Police-Data-Accessibility-Project / meta

Planning our activities with issues that don't fit in a specific repository yet.
GNU General Public License v3.0
693 stars 58 forks source link

Technical Direction + Design Tenets #95

Closed Astaltine closed 3 years ago

Astaltine commented 4 years ago

Forgive me if we already have such things, but I think it'd be good to come up with a set of design goals/high-level tenets for the various components of the system.

It can help a lot with making a choice when presented with many differing opinions on direction. Since this is a super grass-roots organization that's trying to ramp up quickly, we're bound to end up with many differing opinions on technical direction.

Things like the below.
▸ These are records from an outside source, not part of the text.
(* Let $\mathcal{A}=\{0,1\}$ and $\mathcal{F}=\{(0,0,0),(1,1,1)\}$, where $(a,b,c)$ denotes the $2$-block $u$ with $u_\epsilon=a$, $u_0=b$, $u_1=c$. Then $\mathsf{X}_{\mathcal{F}}$ is strongly irreducible with complete prefix code $P=\{0,10,11\}$, and it is not uniformly block gluing.
   Context: $\Sigma=\{0,1\}$. $\Sigma^*$ is the set of finite words, with $\epsilon$ the empty word. $\Sigma^k$ is the set of words of length $k$, and $\Sigma_n=\bigcup_{0\le k\le n}\Sigma^k$. A tree is $t:\Sigma^*\to\mathcal{A}$, and we write $t_x=t(x)$. A pattern $u$ is a map on a finite prefix-closed support $S(u)$. $\mathsf{X}_{\mathcal{F}}$ is the set of trees in which no pattern of $\mathcal{F}$ occurs at any node; here it is the set of trees $t$ such that for no $x$ do $t_x=t_{x0}=t_{x1}$ hold. A pattern is accepted by $X$ if it occurs in some $t\in X$. $B_n(X)=\{t|_{\Sigma_{n-1}}:t\in X\}$. For $w\in\Sigma^*$, $t|_{wS(v)}=v$ means $t_{wy}=v_y$ for all $y\in S(v)$. A leaf of $u$ is $w\in S(u)$ with $w0,w1\notin S(u)$. A complete prefix code (CPC) is a finite set $P\subseteq\Sigma^*\setminus\{\epsilon\}$ such that no word of $P$ is a prefix of another, and every $x$ with $|x|\ge\max_{y\in P}|y|$ has a prefix in $P$. Patterns $u,v$ are connected through $P$ if there is $t\in X$ with $t|_{S(u)}=u$ and $t|_{wxS(v)}=v$ for every leaf $w$ of $u$ and every $x\in P$. $X$ is strongly irreducible with CPC $P$ if any two patterns accepted by $X$ are connected through $P$. $X$ is uniformly block gluing if there is $k\ge1$ such that for every $n\ge1$ any $u,v\in B_n(X)$ are connected through $\Sigma^k$. *)

theory Defs
  imports Main
begin
lemma fiber_restrict_cemb: "\<sigma> \<in> complex_embeddings L \<Longrightarrow>
   {\<rho>. \<rho> \<in> complex_embeddings (adjoin L \<beta>) \<and> restrict_cemb L \<rho> = \<sigma>} = extensions (adjoin L \<beta>) L \<sigma>"
  using restriction_of_extension extension_of_restriction by (auto simp: extensions_def)

lemma embeddings_adjoin_Union: "complex_embeddings (adjoin L \<beta>) = (\<Union>\<sigma>\<in>complex_embeddings L. extensions (adjoin L \<beta>) L \<sigma>)"
  using restrict_cemb_emb extension_of_restriction by (auto simp: extensions_def)

lemma finite_embeddings_adjoin: "finite (complex_embeddings L) \<Longrightarrow> finite (complex_embeddings (adjoin L \<beta>))"
  unfolding embeddings_adjoin_Union using finite_extensions[OF sf mp] by blast

lemma prod_embeddings_adjoin:
  assumes fin: "finite (complex_embeddings L)"
  shows "(\<Prod>\<rho>\<in>complex_embeddings (adjoin L \<beta>). f \<rho>) =
    (\<Prod>\<sigma>\<in>complex_embeddings L. \<Prod>\<rho>\<in>extensions (adjoin L \<beta>) L \<sigma>. f \<rho>)"
proof -
  have "(\<Prod>\<rho>\<in>complex_embeddings (adjoin L \<beta>). f \<rho>) =
     (\<Prod>\<sigma>\<in>complex_embeddings L. prod f {\<rho>. \<rho> \<in> complex_embeddings (adjoin L \<beta>) \<and> restrict_cemb L \<rho> = \<sigma>})"
    by (rule prod.group[symmetric]) (use finite_embeddings_adjoin[OF fin] fin restrict_cemb_emb in auto)
  also have "\<dots> = (\<Prod>\<sigma>\<in>complex_embeddings L. \<Prod>\<rho>\<in>extensions (adjoin L \<beta>) L \<sigma>. f \<rho>)"
    by (intro prod.cong refl) (simp add: fiber_restrict_cemb)
  finally show ?thesis .
qed

lemma norm_rational_adjoin:
  assumes fin: "finite (complex_embeddings L)"
    and rat: "\<And>x. x \<in> L \<Longrightarrow> (\<Prod>\<sigma>\<in>complex_embeddings L. \<sigma> x) \<in> \<rat>"
    and x: "x \<in> adjoin L \<beta>"
  shows "(\<Prod>\<rho>\<in>complex_embeddings (adjoin L \<beta>). \<rho> x) \<in> \<rat>"
proof -
  obtain g where g: "polyL L g" "x = poly g \<beta>" using x unfolding adjoin_eq[OF sf mp] poly_vals_def by blast
  have "(\<Prod>\<rho>\<in>complex_embeddings (adjoin L \<beta>). \<rho> x) =
     (\<Prod>\<sigma>\<in>complex_embeddings L. \<Prod>\<rho>\<in>extensions (adjoin L \<beta>) L \<sigma>. \<rho> (poly g \<beta>))"
    using prod_embeddings_adjoin[OF fin] g(2) by simp
  also have "\<dots> = (\<Prod>\<sigma>\<in>complex_embeddings L. \<sigma> (Determinant.det (mult_mat \<mu> g)))"
    by (intro prod.cong refl prod_extensions_det[OF sf mp _ g(1)]) auto
  also have "\<dots> \<in> \<rat>" by (rule rat[OF det_mult_mat_in_L[OF sf mp g(1)]])
  finally show ?thesis .
qed

end

section \<open>Fields generated by finitely many algebraic numbers\<close>

definition gen :: "complex set \<Rightarrow> complex set" where
  "gen S = \<Inter> {L. subfield_C L \<and> S \<subseteq> L}"

lemma subfield_Inter: "(\<And>L. L \<in> A \<Longrightarrow> subfield_C L) \<Longrightarrow> subfield_C (\<Inter> A)"
  unfolding subfield_C_def by blast

lemma gen_subfield: "subfield_C (gen S)"
  unfolding gen_def by (rule subfield_Inter) auto

lemma gen_sub: "S \<subseteq> gen S"
  unfolding gen_def by auto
I'm only using them as examples:

It can help keep team members on the same page, and help ramp new contributors more quickly by helping them understand the high level reasons for why we might've made certain decisions.

Astaltine commented 4 years ago

From Tim Thelin on slack

I'd specifically add that PII handling has to be done with extreme care. Nothing will blow back faster than mishandling it, even if good intentions were involved
mcsaucy commented 4 years ago

What's the expected outcome of this issue? Are we shooting for a doc that owners agree upon and enforce?

Francoded commented 4 years ago

I've been doing some thinking about the design of our web scraper fleet. I think an ideal framework would provide basic utility classes for tasks such as handling case data and outputting scraped data into a common format. This allows any volunteer developer to focus only on the scraping of data for a given website. The framework can also define what a PDAP scraper must have and even provide useful (e.g. parsing) functions that would benefit any PDAP scraper.

The goal is to have minimize the amount of work a volunteer developer would need to do as they won't have to worry about how to format output, how to store data, etc.

Not sure if anyone has already put some thought into this already or if we already have a rough idea of how our scrapers would be designed/implemented. I joined last night. :)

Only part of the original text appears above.